Perfluorooctane sulfonate (PFOS) and perfluorooctanoic acid (PFOA) are two types of polyfluoroalkyl substances (PFAS), a group of manufactured chemicals, and are persistent in the environment and resist degradation. These toxic chemicals are often used to manufacture products like fabric protectors, firefighting foam, and stain repellents. They are common primary ingredients in the firefighting foam that was used at Air National Guard bases for training and fire-suppression exercises, according to state regulators. Exposure to PFAS chemicals has been linked to certain cancers and other serious adverse health effects.

A copy of Senator Schumer’s letter below:

Dear Acting Administrator Wheeler:

I write to urge you to make it a top EPA priority to swiftly establish a Maximum Contaminant Level (MCL) under the Safe Drinking Water Act for Perfluorooctanoic acid (PFOA) and Perfluorooctanesulfonic acid (PFOS). While I was pleased by the EPA’s statement in writing last week, that the agency intends to establish an MCL for PFOA and PFOS, given this agency’s recent lack of urgency on protecting the public health, and its lax disposition with regard to policing toxic pollution,, I am deeply concerned by the lack of urgency that the EPA has displayed in its actions addressing the threat of Polyfluoroalkyl Substances (PFAS). Despite then-Administrator Pruitt’s statements at the PFAS National Leadership Summit in May of last year, it appears that little progress has been made. I therefore urge you to act with the urgency that this crisis deserves and to commit to an aggressive timeline in adopting a drinking water standard for these contaminants.
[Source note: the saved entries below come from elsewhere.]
lemma rtrancl_adj_in: "(a, b) \<in> (adj E U)\<^sup>* \<Longrightarrow> a \<in> U \<Longrightarrow> b \<in> U"
  by (induction rule: rtrancl_induct) (auto simp: adj_def)

lemma rtrancl_adj_outside: "(a, b) \<in> (adj E U)\<^sup>* \<Longrightarrow> a \<notin> U \<Longrightarrow> b = a"
  by (induction rule: rtrancl_induct) (auto simp: adj_def)

lemma sgraph_edge_in: "sgraph V E \<Longrightarrow> {a, b} \<in> E \<Longrightarrow> a \<in> V \<and> b \<in> V"
  unfolding sgraph_def by (metis doubleton_eq_iff)

lemma finite_neighbours:
  assumes "sgraph V E" shows "finite {u. {v, u} \<in> E}"
proof (rule finite_subset)
  show "{u. {v, u} \<in> E} \<subseteq> V" using sgraph_edge_in[OF assms] by blast
  show "finite V" using assms unfolding sgraph_def by simp
qed

lemma rtrancl_distinct_path:
  assumes "(a, b) \<in> R\<^sup>*"
  shows "\<exists>p. p \<noteq> [] \<and> hd p = a \<and> last p = b \<and> distinct p \<and>
     (\<forall>i. Suc i < length p \<longrightarrow> (p ! i, p ! Suc i) \<in> R)"
  using assms
proof (induction rule: rtrancl_induct)
  case base
  show ?case by (intro exI[of _ "[a]"]) auto
next
  case (step y z)
  then obtain p where p: "p \<noteq> []" "hd p = a" "last p = y" "distinct p"
    "\<forall>i. Suc i < length p \<longrightarrow> (p ! i, p ! Suc i) \<in> R" by blast
  show ?case
  proof (cases "z \<in> set p")
    case True
    then obtain j where j: "j < length p" "p ! j = z" by (meson in_set_conv_nth)
    define q where "q = take (Suc j) p"
    have "length q = Suc j" using j unfolding q_def by simp
    then have "last q = q ! j" by (metis diff_Suc_1 last_conv_nth list.size(3) nat.distinct(1))
    then have "last q = z" using j unfolding q_def by simp
    moreover have "q \<noteq> []" "hd q = a" "distinct q" using p(1,2,4) unfolding q_def by (auto simp: hd_take)
    moreover have "\<forall>i. Suc i < length q \<longrightarrow> (q ! i, q ! Suc i) \<in> R"
      using p(5) unfolding q_def by simp
    ultimately show ?thesis by blast
  next
    case False
    define q where "q = p @ [z]"
    have "\<forall>i. Suc i < length q \<longrightarrow> (q ! i, q ! Suc i) \<in> R"
    proof (intro allI impI)
      fix i assume i: "Suc i < length q"
      show "(q ! i, q ! Suc i) \<in> R"
      proof (cases "Suc i < length p")
        case True
        then show ?thesis using p(5) unfolding q_def by (simp add: nth_append)
      next
        case False
        then have "Suc i = length p" using i unfolding q_def by simp
        then have "i = length p - 1" by simp
        then have "q ! i = y" "q ! Suc i = z"
          using p(1,3) \<open>Suc i = length p\<close> unfolding q_def by (auto simp: nth_append last_conv_nth)
        then show ?thesis using step(2) by simp
      qed
    qed
    moreover have "q \<noteq> []" "hd q = a" "last q = z" "distinct q"
      using p(1,2,4) False unfolding q_def by auto
    ultimately show ?thesis by blast
  qed
qed
theorem lemma3p3:
  fixes A :: "('x \<Rightarrow> 'k::field) set"
    and m n :: nat
    and \<phi> :: "nat \<Rightarrow> 'x \<Rightarrow> nat \<Rightarrow> 'k"
    and \<psi> :: "'x \<Rightarrow> nat \<Rightarrow> 'k"
  assumes "alg_closed TYPE('k)"
    and "affine_coord_ring A"
    and "domain (fun_ring A)"
    and "factorial_domain (fun_ring A)"
    and "\<forall>i\<in>{1..n}. \<forall>j<m. (\<lambda>x. \<phi> i x j) \<in> A"
    and "\<forall>j<m. (\<lambda>x. \<psi> x j) \<in> A"
    and "\<exists>x. lin_indep m n (\<lambda>i. \<phi> i x)"
    and "\<forall>x. lin_dep_with m n (\<lambda>i. \<phi> i x) (\<psi> x)"
  shows "\<exists>p :: nat \<Rightarrow> 'x \<Rightarrow> 'k.
           (\<forall>i\<le>n. p i \<in> A) \<and>
           (\<forall>d\<in>A. (\<forall>i\<le>n. d divides\<^bsub>fun_ring A\<^esub> p i) \<longrightarrow> d \<in> Units (fun_ring A)) \<and>
           (\<forall>x. \<forall>j<m. p 0 x * \<psi> x j = (\<Sum>i=1..n. p i x * \<phi> i x j)) \<and>
           (\<forall>h :: nat \<Rightarrow> 'x \<Rightarrow> 'k. (\<forall>i\<le>n. h i \<in> A) \<longrightarrow>
              ((\<forall>x. \<forall>j<m. h 0 x * \<psi> x j = (\<Sum>i=1..n. h i x * \<phi> i x j)) \<longleftrightarrow>
               (\<exists>g\<in>A. \<forall>i\<le>n. h i = (\<lambda>x. g x * p i x))))"
proof -
  obtain G where "A = alg_gen G"
    using assms(2) unfolding affine_coord_ring_def by blast
  then interpret regular_maps A m n \<phi> \<psi>
    using assms(3,5,6)
    by (intro regular_maps.intro fun_domain.intro regular_maps_axioms.intro) (auto intro: alg_gen.const)
  obtain x0 where "lin_indep m n (\<lambda>i. \<phi> i x0)"
    using assms(7) by blast
  then obtain D q where D: "D \<in> A" "D \<noteq> (\<lambda>_. 0)" "\<And>x. D x \<noteq> 0 \<Longrightarrow> lin_indep m n (\<lambda>i. \<phi> i x)"
    and q: "\<And>i. q i \<in> A" "q 0 = D" "lin_relation m n \<phi> \<psi> q"
    using exists_cramer_relation assms(8) by metis
  obtain p where p: "\<And>i. i \<le> n \<Longrightarrow> p i \<in> A" "p 0 \<noteq> (\<lambda>_. 0)"
    "coprime_family (fun_ring A) {..n} p" "lin_relation m n \<phi> \<psi> p"
    by (rule exists_coprime_lin_relation[OF assms(4), of q]) (use q D(2) in auto)
  have "\<forall>h. (\<forall>i\<le>n. h i \<in> A) \<longrightarrow> (lin_relation m n \<phi> \<psi> h \<longleftrightarrow> (\<exists>g\<in>A. \<forall>i\<le>n. h i = (\<lambda>x. g x * p i x)))"
    using lin_relation_iff_multiple[OF assms(4) D] p by blast
  with p show ?thesis
    unfolding lin_relation_def coprime_family_def by (intro exI[of _ p]) auto
qed
(* Let $\theta_1,\dots,\theta_4\in\mathbb{R}$ and $\alpha,\beta\in\mathbb{R}$ with $\alpha^2=\beta^2$ and $\alpha\neq0$. Put $\widehat L=\exp\big(\tfrac12\theta_1\Gamma_{12}+\tfrac12\theta_2\Gamma_{34}+\tfrac12\theta_3\Gamma_{56}+\tfrac12\theta_4\Gamma_{78}+\tfrac12\alpha\Gamma_{0\natural}+\tfrac12\beta\Gamma_{9\natural}\big)\in\mathrm{Spin}_{10,1}$, $\widehat R^2=\prod_{k=1}^4(\cos\theta_k\,\mathbb{1}+\sin\theta_k\,\Gamma_{2k-1,2k})$, $\widehat N=\alpha\Gamma_{0\natural}+\beta\Gamma_{9\natural}$, and $\pi=\Gamma_0\Gamma_1\Gamma_3\Gamma_5\Gamma_7\Gamma_9$ (the Clifford element of the plane $e_0\wedge e_1\wedge e_3\wedge e_5\wedge e_7\wedge e_9$). Then: (i) $\widehat N^2=0$, $\widehat L^2=\widehat R^2(\mathbb{1}+\widehat N)$, and $\dim\ker\widehat N=16$; (ii) a spinor $\varepsilon\in\Delta$ satisfies both $\pi\cdot\varepsilon=\varepsilon$ and $\widehat L\pi\widehat L^{-1}\cdot\varepsilon=\varepsilon$ if and only if $\pi\cdot\varepsilon=\varepsilon$, $\widehat R^2\cdot\varepsilon=\varepsilon$ and $\widehat N\cdot\varepsilon=0$; (iii) the subspace $\Delta_0=\{\varepsilon\in\Delta:\widehat R^2\cdot\varepsilon=\varepsilon\}$ has dimension divisible by $4$, and $\dim\{\varepsilon:\pi\cdot\varepsilon=\varepsilon,\ \widehat R^2\cdot\varepsilon=\varepsilon,\ \widehat N\cdot\varepsilon=0\}=\tfrac14\dim\Delta_0=\tfrac12\dim\{\varepsilon:\pi\cdot\varepsilon=\varepsilon,\ \widehat R^2\cdot\varepsilon=\varepsilon\}$.
   Context: Let $\mathbb{M}^{10,1}$ be $\mathbb{R}^{11}$ with orthonormal basis $e_0,e_1,\dots,e_9,e_\natural$ and Lorentzian metric $\eta$ with $\eta(e_0,e_0)=-1$ and $\eta(e_M,e_M)=+1$ for $M\neq 0$. The Clifford algebra $\mathrm{C}\ell_{1,10}$ is generated by $\Gamma_M$, $M\in\{0,1,\dots,9,\natural\}$, with $\Gamma_M\Gamma_N+\Gamma_N\Gamma_M=2\eta_{MN}\mathbb{1}$; $\Gamma_{MN}=\Gamma_M\Gamma_N$ for $M\neq N$. $\Delta$ denotes the $32$-dimensional real irreducible representation of $\mathrm{C}\ell_{1,10}$ on which $\Gamma_0\Gamma_1\cdots\Gamma_9\Gamma_\natural=-\mathbb{1}$. (Physically: two $\mathsf{M}5$-branes with tangent planes $\pi$ and $L\pi$, $L$ the image of $\widehat L$ in $\mathrm{SO}^0_{10,1}$, a rotation in $\mathrm{SO}_8$ composed with a null rotation.) *)

theory Defs
  imports "HOL-Analysis.Analysis"
begin

text \<open>Index convention: Clifford generators are indexed by nat; indices 0..9 are e_0..e_9 and
  index 10 stands for the eleventh direction (natural sign).\<close>

definition eta :: "nat \<Rightarrow> nat \<Rightarrow> real" where
  "eta M N = (if M \<noteq> N then 0 else if M = 0 then -1 else 1)"

definition matpow :: "real^'n^'n \<Rightarrow> nat \<Rightarrow> real^'n^'n" where
  "matpow A k = ((\<lambda>B. A ** B) ^^ k) (mat 1)"

definition mexp :: "real^'n^'n \<Rightarrow> real^'n^'n" where
  "mexp A = (\<Sum>k. (1 / fact k) *\<^sub>R matpow A k)"

definition clifford_rep :: "(nat \<Rightarrow> real^'n^'n) \<Rightarrow> bool" where
  "clifford_rep G \<longleftrightarrow>
     (\<forall>M<11. \<forall>N<11. G M ** G N + G N ** G M = (2 * eta M N) *\<^sub>R mat 1)
     \<and> foldr (\<lambda>M P. G M ** P) [0..<11] (mat 1) = - mat 1"

end

theory Submission
  imports Defs
begin

text \<open>
  Put \<open>J\<^sub>k = \<Gamma>\<^sub>2\<^sub>k\<^sub>-\<^sub>1 \<Gamma>\<^sub>2\<^sub>k\<close> and \<open>Y = \<Sum>\<^sub>k \<theta>\<^sub>k J\<^sub>k\<close>. The \<open>J\<^sub>k\<close> are commuting square roots of \<open>-1\<close>
  that commute with \<open>N\<close>, and \<open>N\<^sup>2 = \<alpha>\<^sup>2 - \<beta>\<^sup>2 = 0\<close>; hence \<open>R\<^sup>2 = exp Y\<close> and
  \<open>L\<^sup>2 = exp (Y + N) = R\<^sup>2 (1 + N)\<close>. Since \<open>\<pi>\<close> anticommutes with \<open>Y\<close> and \<open>N\<close>, it conjugates \<open>L\<close>
  into \<open>L\<^sup>-\<^sup>1\<close>, so \<open>L \<pi> L\<^sup>-\<^sup>1 = L\<^sup>2 \<pi>\<close>. If \<open>\<pi> \<epsilon> = \<epsilon> = L\<^sup>2 \<pi> \<epsilon>\<close>, then \<open>d = N \<epsilon>\<close> satisfies
  \<open>R\<^sup>2 \<epsilon> = \<epsilon> - d\<close> and \<open>R\<^sup>2 d = d\<close>; as \<open>R\<^sup>2\<close> is an isometry of a positive definite form (the
  standard inner product averaged over the \<open>J\<^sub>k\<close>), this forces \<open>d = 0\<close>.

  For the dimensions: \<open>ker N\<close> is the \<open>+1\<close> eigenspace of the involution \<open>K = \<plusminus>\<Gamma>\<^sub>0 \<Gamma>\<^sub>9\<close>, and
  the two eigenspaces of an involution have equal dimension as soon as some invertible operator
  anticommutes with it. This halves \<open>\<Delta>\<close> along \<open>K\<close> (using \<open>\<Gamma>\<^sub>0\<close>), \<open>\<Delta>\<^sub>0\<close> along \<open>\<pi>\<close> (using \<open>\<Gamma>\<^sub>9\<close>),
  and \<open>\<Delta>\<^sub>0 \<inter> ker (\<pi> - 1)\<close> along \<open>K\<close> (using \<open>\<Gamma>\<^sub>0 \<Gamma>\<^sub>1 \<Gamma>\<^sub>2\<close>); the last two operators commute
  with the \<open>J\<^sub>k\<close>, hence with \<open>R\<^sup>2\<close>.
\<close>

text \<open>The library multiplies elements of \<open>real^'n^'n\<close> componentwise, so to identify \<open>mexp\<close> with
  \<open>exp\<close> matrices are transported to a type of operators that is a Banach algebra under
  composition.\<close>

typedef (overloaded) ('n::finite) endo = "UNIV :: ((real^'n) \<Rightarrow>\<^sub>L (real^'n)) set"
  by simp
As you are aware, PFAS chemicals are a widespread class of toxic chemicals contaminating drinking water across the nation.  These chemicals have been linked to a number of adverse health effects, including certain types of cancers.  Within the state of New York several communities struggle with drinking water contamination, human exposure, and clean up challenges due to PFOA and PFAS pollution. In delaying an enforceable standard, the EPA will limit the public’s knowledge about their possible exposure to these toxic substances, and hinder cleanup efforts. Our communities cannot continue to wait to understand and comprehensively combat the environmental and health risks they face from PFAS.

Federal drinking water standards are needed to guide policy makers, regulators, and states, as we combat this nationwide challenge.  Federal leadership from the EPA will provide tools to states, tribes, and local communities to secure safe drinking water. I strongly urge you to establish a drinking water standard for PFOA and PFOS as soon as possible. It is imperative the EPA fulfills its mission to protect human health and the environment, from the known dangers of PFAS. Thank you for your attention to this important matter.